Similar to the example stated above for dealing with insurance frauds, investigators and safety auditors can now accurately study the data relating to the state of a vehicle that has met with an accident. They could learn the circumstances that led to a mishap and then possibly devise counter measures ensuring they dont happen again. Incidentally, they could advocate better vehicle safety features in a vehicle after studying the data at hand.
Studying the data generated by their vehicles, manufacturers can be better prepared to develop better variants and upgrades. With a host of data varying across matrices, they can look to improve anything from fuel efficiency and engine performance, to driver comfort, passenger ergonomics and environment friendly vehicles. It could also be beneficial when a customer brings in their vehicle for timely services as the service center would now be better positioned to run maintenance after studying how each component in the car has been performing thus far.

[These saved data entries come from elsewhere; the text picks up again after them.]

lemma pair_row_decomp:
  assumes "i \<in> {1..N}"
  shows "(intercept l m n (\<delta> i) i + slope (\<delta> i) i + shift_gain e1 e2 e3 (slope (\<delta> i) i))
      + (intercept l m n (\<delta>' i) i + slope (\<delta>' i) i + shift_gain (1 - e1) (1 - e2) (1 - e3) (slope (\<delta>' i) i))
    = common_row l m n (flips \<delta> \<delta>') \<delta> i
      + (if i \<in> flips \<delta> \<delta>' then pair_gain e1 e2 e3 (slope (\<delta> i) i) else 0)"
proof (cases "i \<in> flips \<delta> \<delta>'")
  case True
  then have "\<delta>' i = (\<not> \<delta> i)" unfolding flips_def by auto
  then show ?thesis using True unfolding common_row_def pair_gain_def slope_def by (cases "\<delta> i") auto
next
  case False
  then have "\<delta>' i = \<delta> i" using assms unfolding flips_def by auto
  then show ?thesis using False unfolding common_row_def shift_gain_def by (simp add: algebra_simps)
qed

lemma pair_cross_decomp:
  assumes "i \<in> {1..N}" "j \<in> {1..N}"
  shows "max (slope (\<delta> i) i) (slope (\<delta> j) j) + max (slope (\<delta>' i) i) (slope (\<delta>' j) j)
    = common_pair (flips \<delta> \<delta>') \<delta> i j
      + (if i \<in> flips \<delta> \<delta>' \<and> j \<in> flips \<delta> \<delta>' then \<bar>slope (\<delta> i) i - slope (\<delta> j) j\<bar> else 0)"
proof -
  have flip: "slope (\<delta>' k) k = - slope (\<delta> k) k" if "k \<in> flips \<delta> \<delta>'" for k
    using that unfolding flips_def slope_def by auto
  have keep: "slope (\<delta>' k) k = slope (\<delta> k) k" if "k \<in> {1..N}" "k \<notin> flips \<delta> \<delta>'" for k
    using that unfolding flips_def by auto
  have mag: "magnitude k = \<bar>slope (\<delta> k) k\<bar>" for k
    unfolding magnitude_def slope_def by auto
  show ?thesis
    using flip[of i] flip[of j] keep[OF assms(1)] keep[OF assms(2)] mag[of i] mag[of j]
    unfolding common_pair_def by (auto simp: max_def)
qed

lemma pair_value_decomp:
  "pair_value l m n e1 e2 e3 \<delta> \<delta>' = common_part l m n (flips \<delta> \<delta>') \<delta>
     + spread (flips \<delta> \<delta>') (\<lambda>i. slope (\<delta> i) i) + (\<Sum>i\<in>flips \<delta> \<delta>'. pair_gain e1 e2 e3 (slope (\<delta> i) i))"
proof -
  define D where "D = flips \<delta> \<delta>'"
  define q where "q i = slope (\<delta> i) i" for i
  have D: "D \<subseteq> {1..N}" unfolding D_def flips_def by auto
  have "(\<Sum>i\<in>{1..N}. if i \<in> D then pair_gain e1 e2 e3 (q i) else 0) = (\<Sum>i\<in>D. pair_gain e1 e2 e3 (q i))"
    using sum.inter_restrict[of "{1..N}" "\<lambda>i. pair_gain e1 e2 e3 (q i)" D] D by (simp add: Int_absorb1)
  then have rows: "(\<Sum>i\<in>{1..N}. (intercept l m n (\<delta> i) i + slope (\<delta> i) i + shift_gain e1 e2 e3 (slope (\<delta> i) i))
      + (intercept l m n (\<delta>' i) i + slope (\<delta>' i) i + shift_gain (1 - e1) (1 - e2) (1 - e3) (slope (\<delta>' i) i)))
    = (\<Sum>i\<in>{1..N}. common_row l m n D \<delta> i) + (\<Sum>i\<in>D. pair_gain e1 e2 e3 (q i))"
    using pair_row_decomp unfolding D_def q_def by (simp add: sum.distrib)
  have "pairwise_max_sum {1..N} (\<lambda>i. slope (\<delta> i) i) + pairwise_max_sum {1..N} (\<lambda>i. slope (\<delta>' i) i)
    = (\<Sum>i\<in>{1..N}. \<Sum>j\<in>{1..N}. (if j < i then common_pair D \<delta> i j else 0)
        + (if j < i then (if i \<in> D \<and> j \<in> D then \<bar>q i - q j\<bar> else 0) else 0))"
    unfolding pairwise_max_sum_def sum.distrib[symmetric] using pair_cross_decomp
    unfolding D_def q_def by (intro sum.cong refl) auto
  also have "\<dots> = (\<Sum>i\<in>{1..N}. \<Sum>j\<in>{1..N}. if j < i then common_pair D \<delta> i j else 0) + spread D q"
    using sum_lower_pairs_restrict[OF D, of q] sum_lower_pairs_abs[of q D]
    unfolding spread_def by (simp add: sum.distrib)
  finally show ?thesis
    using rows unfolding pair_value_def choice_value_shift common_part_def D_def[symmetric] q_def[symmetric]
    by (simp add: sum.distrib)
qed

lemma pair_value_eq_sign_value:
  "pair_value l m n 0 1 0 \<delta> \<delta>' - a2 = common_part l m n (flips \<delta> \<delta>') \<delta> + sign_value 0 (flips \<delta> \<delta>') magnitude (sign_of \<delta>)"
  "pair_value l m n 1 0 0 \<delta> \<delta>' - a1 = common_part l m n (flips \<delta> \<delta>') \<delta> + sign_value 1 (flips \<delta> \<delta>') magnitude (sign_of \<delta>)"
  "pair_value l m n 0 0 1 \<delta> \<delta>' - a2 = common_part l m n (flips \<delta> \<delta>') \<delta> + sign_value 2 (flips \<delta> \<delta>') magnitude (sign_of \<delta>)"
  unfolding pair_value_decomp sign_value_def sign_of_magnitude pair_gain_eq_gain offset_def by simp_all

lemma flips_realize_signs:
  assumes u: "u \<in> signs (flips \<epsilon> \<epsilon>')"
  obtains \<delta> \<delta>' where "flips \<delta> \<delta>' = flips \<epsilon> \<epsilon>'" "common_part l m n (flips \<delta> \<delta>') \<delta> = common_part l m n (flips \<epsilon> \<epsilon>') \<epsilon>"
    "\<forall>k. sign_value k (flips \<delta> \<delta>') magnitude (sign_of \<delta>) = sign_value k (flips \<epsilon> \<epsilon>') magnitude u"
proof -
  define D where "D = flips \<epsilon> \<epsilon>'"
  define \<delta> where "\<delta> i = (if i \<in> D \<and> u i \<noteq> sign_of \<epsilon> i then \<not> \<epsilon> i else \<epsilon> i)" for i
  define \<delta>' where "\<delta>' i = (if i \<in> D then \<not> \<delta> i else \<epsilon>' i)" for i
  have flips: "flips \<delta> \<delta>' = D"
    unfolding flips_def \<delta>'_def \<delta>_def D_def by auto
  have "\<delta> i = \<epsilon> i" if "i \<notin> D" for i using that unfolding \<delta>_def by simp
  then have "common_part l m n D \<delta> = common_part l m n D \<epsilon>"
    unfolding common_part_def common_row_def common_pair_def
    by (intro arg_cong2[where f = "(+)"] sum.cong refl) auto
  moreover have "of_int (sign_of \<delta> i) * magnitude i = of_int (u i) * magnitude i" if "i \<in> D" for i
  proof -
    have "u i = 1 \<or> u i = -1" using u that unfolding signs_def D_def by auto
    moreover have "sign_of \<epsilon> i = 1 \<or> sign_of \<epsilon> i = -1" unfolding sign_of_def by auto
    moreover have "slope (\<not> b) i = - slope b i" for b unfolding slope_def by simp
    ultimately show ?thesis using that sign_of_magnitude[of \<epsilon> i] sign_of_magnitude[of \<delta> i]
      unfolding \<delta>_def by auto
  qed
  ultimately show ?thesis
    using that[of \<delta> \<delta>'] flips sign_value_cong unfolding D_def by auto
qed

lemma sign_of_in_signs: "sign_of \<delta> \<in> signs D"
  unfolding signs_def sign_of_def by auto

lemma flip_sign_value_max:
  "\<exists>u\<in>signs (flips \<epsilon> \<epsilon>').
    (\<forall>t\<in>signs (flips \<epsilon> \<epsilon>'). \<forall>k\<le>2.
       sign_value k (flips \<epsilon> \<epsilon>') magnitude t \<le> sign_value 0 (flips \<epsilon> \<epsilon>') magnitude u)
    \<and> (\<exists>t\<in>signs (flips \<epsilon> \<epsilon>').
       sign_value 1 (flips \<epsilon> \<epsilon>') magnitude t = sign_value 0 (flips \<epsilon> \<epsilon>') magnitude u
       \<or> sign_value 2 (flips \<epsilon> \<epsilon>') magnitude t = sign_value 0 (flips \<epsilon> \<epsilon>') magnitude u)"
proof -
  have "finite (flips \<epsilon> \<epsilon>')" "\<forall>i\<in>flips \<epsilon> \<epsilon>'. 0 \<le> magnitude i"
    by (auto simp: flips_def magnitude_def)
  then show ?thesis by (rule sign_value_max) blast
qed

Government agencies can stand to gain knowledge on how the public drives on its roads, to find out which are the most congested and which arent. This could help them suitably plan budgets for maintenances or aid them in making an informed decision on alternate traffic routes. Further, they could plan on increasing the frequencies of public transport along the lines that see more traffic, thus, encouraging its usage more often. In times of emergencies, ambulances and related services can make use of the data to determine the quickest route to their destination that would have minimum blockades.
These are just some of the more obvious use cases in telematics. The information gained from this technology is also being used in developing autonomous self-driving cars, enabling manufacturers to come up with fine-tuned, fuel efficient, and environmentally friendly vehicles into the market. Here at HCL, we have already begun aiding our clients in setting up a backend infrastructure to regulate, monitor, clean, and understand the data provided by vehicles. As time progresses, we stand to understand more of what we have and help our customers and ourselves drive further.